TASK ITEM:
Go through the following data and transcribe exactly the stretch of lines from the one holding "k b \<nu> f <" to the one holding "(simp add: J22)", both included.

(Saved data entries)

%%

(* Let $D > d \geq 1$ be integers, let $\sigma > 0$, and let $\mathcal{S}_1, \mathcal{S}_2 \subset \mathbb{R}^D$ be two $d$-dimensional linear subspaces. Let $y = x + n$, where $x \in \mathcal{S}_1$ is fixed and $n \sim \mathcal{N}(0, \sigma^2 I_D)$. Define $$\mu(y) = 1 - \frac{\mathrm{dist}(y, \mathcal{S}_1)}{\mathrm{dist}(y, \mathcal{S}_2)}.$$ Then there is an absolute constant $c > 0$ such that for every $\varepsilon \in (0,1)$, with probability at least $1 - 4e^{-c\varepsilon^2 (D-d)}$, $$1 - \frac{(1+\varepsilon)\sqrt{\sigma^2 (D-d)}}{(1-\varepsilon)\sqrt{\sigma^2(D-d) + \mathrm{dist}(x,\mathcal{S}_2)^2}} \;\leq\; \mu(y) \;\leq\; 1 - \frac{(1-\varepsilon)\sqrt{\sigma^2 (D-d)}}{(1+\varepsilon)\sqrt{\sigma^2(D-d) + \mathrm{dist}(x,\mathcal{S}_2)^2}}.$$
   Context: For a linear subspace $\mathcal{S} \subset \mathbb{R}^D$ with orthonormal basis matrix $U$, $\mathrm{dist}(z, \mathcal{S}) = \min_{w \in \mathcal{S}} \|z - w\|_2 = \|z - UU^T z\|_2$. *)

theory Defs
  imports "HOL-Probability.Probability"
begin

text \<open>Vectors of R^D are represented as functions nat => real; only the
components with index < D are meaningful.  Elements of subspaces are
normalised to vanish at indices >= D.\<close>

definition vecs :: "nat \<Rightarrow> (nat \<Rightarrow> real) set" where
  "vecs D = {v. \<forall>i\<ge>D. v i = 0}"

definition lin_subspace :: "nat \<Rightarrow> (nat \<Rightarrow> real) set \<Rightarrow> bool" where
  "lin_subspace D S \<longleftrightarrow> S \<subseteq> vecs D \<and> (\<lambda>_. 0) \<in> S \<and>
     (\<forall>v\<in>S. \<forall>w\<in>S. (\<lambda>i. v i + w i) \<in> S) \<and>
     (\<forall>a::real. \<forall>v\<in>S. (\<lambda>i. a * v i) \<in> S)"

definition subspace_of_dim :: "nat \<Rightarrow> nat \<Rightarrow> (nat \<Rightarrow> real) set \<Rightarrow> bool" where
  "subspace_of_dim D d S \<longleftrightarrow> lin_subspace D S \<and>
     (\<exists>u :: nat \<Rightarrow> nat \<Rightarrow> real. (\<forall>j<d. u j \<in> S) \<and>
        (\<forall>a. (\<forall>i. (\<Sum>j<d. a j * u j i) = 0) \<longrightarrow> (\<forall>j<d. a j = 0)) \<and>
        (\<forall>v\<in>S. \<exists>a. v = (\<lambda>i. \<Sum>j<d. a j * u j i)))"

definition enorm :: "nat \<Rightarrow> (nat \<Rightarrow> real) \<Rightarrow> real" where
  "enorm D v = sqrt (\<Sum>i<D. (v i)\<^sup>2)"
lemma stability_on_x1_branch:
  assumes "s > 0" "J11 c k b \<nu> f < 0"
  shows "f < 1/2 \<Longrightarrow> stable_fp c k b s \<nu> h f 1"
    and "f > 1/2 \<Longrightarrow> unstable_fp c k b s \<nu> h f 1"
proof -
  have J22: "J22 s f 1 = s * (2 * f - 1)" and "J21 s 1 = 0"
    by (simp_all add: J22_def J21_def algebra_simps)
  show "stable_fp c k b s \<nu> h f 1" if "f < 1/2"
  proof (rule stable_fp_if_trace_neg_det_pos)
    have "J22 s f 1 < 0" using that assms by (simp add: J22 mult_pos_neg)
    then show "J11 c k b \<nu> f + J22 s f 1 < 0" "J11 c k b \<nu> f * J22 s f 1 - J12 h * J21 s 1 > 0"
      using assms \<open>J21 s 1 = 0\<close> by (simp_all add: mult_neg_neg)
  qed
  show "unstable_fp c k b s \<nu> h f 1" if "f > 1/2"
  proof (rule unstable_fp_if_det_neg)
    have "J22 s f 1 > 0" using that assms by (simp add: J22)
    then show "J11 c k b \<nu> f * J22 s f 1 - J12 h * J21 s 1 < 0"
      using assms \<open>J21 s 1 = 0\<close> by (simp add: mult_neg_pos)
  qed
qed

lemma stability_on_f_half_branch:
  assumes "s > 0" "h > 0" "x > 0"
  shows "lambda1 c k b \<nu> < 0 \<Longrightarrow> x < 1 \<Longrightarrow> stable_fp c k b s \<nu> h (1/2) x"
    and "x > 1 \<Longrightarrow> unstable_fp c k b s \<nu> h (1/2) x"
proof -
  have det: "J11 c k b \<nu> (1/2) * J22 s (1/2) x - J12 h * J21 s x = 4 * h * s * x * (1 - x)"
    by (simp add: J22_def J12_def J21_def)
  have trace: "J11 c k b \<nu> (1/2) + J22 s (1/2) x = lambda1 c k b \<nu>"
    by (simp add: J11_half J22_def)
  show "lambda1 c k b \<nu> < 0 \<Longrightarrow> x < 1 \<Longrightarrow> stable_fp c k b s \<nu> h (1/2) x"
    using assms by (intro stable_fp_if_trace_neg_det_pos) (simp_all only: det trace, simp)
  show "x > 1 \<Longrightarrow> unstable_fp c k b s \<nu> h (1/2) x"
    using assms by (intro unstable_fp_if_det_neg) (simp only: det, simp add: mult_pos_neg)
qed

%%

RESULT FOR THIS EXERCISE:
  assumes "s > 0" "J11 c k b \<nu> f < 0"
  shows "f < 1/2 \<Longrightarrow> stable_fp c k b s \<nu> h f 1"
    and "f > 1/2 \<Longrightarrow> unstable_fp c k b s \<nu> h f 1"
proof -
  have J22: "J22 s f 1 = s * (2 * f - 1)" and "J21 s 1 = 0"
    by (simp_all add: J22_def J21_def algebra_simps)
  show "stable_fp c k b s \<nu> h f 1" if "f < 1/2"
  proof (rule stable_fp_if_trace_neg_det_pos)
    have "J22 s f 1 < 0" using that assms by (simp add: J22 mult_pos_neg)
    then show "J11 c k b \<nu> f + J22 s f 1 < 0" "J11 c k b \<nu> f * J22 s f 1 - J12 h * J21 s 1 > 0"
      using assms \<open>J21 s 1 = 0\<close> by (simp_all add: mult_neg_neg)
  qed
  show "unstable_fp c k b s \<nu> h f 1" if "f > 1/2"
  proof (rule unstable_fp_if_det_neg)
    have "J22 s f 1 > 0" using that assms by (simp add: J22)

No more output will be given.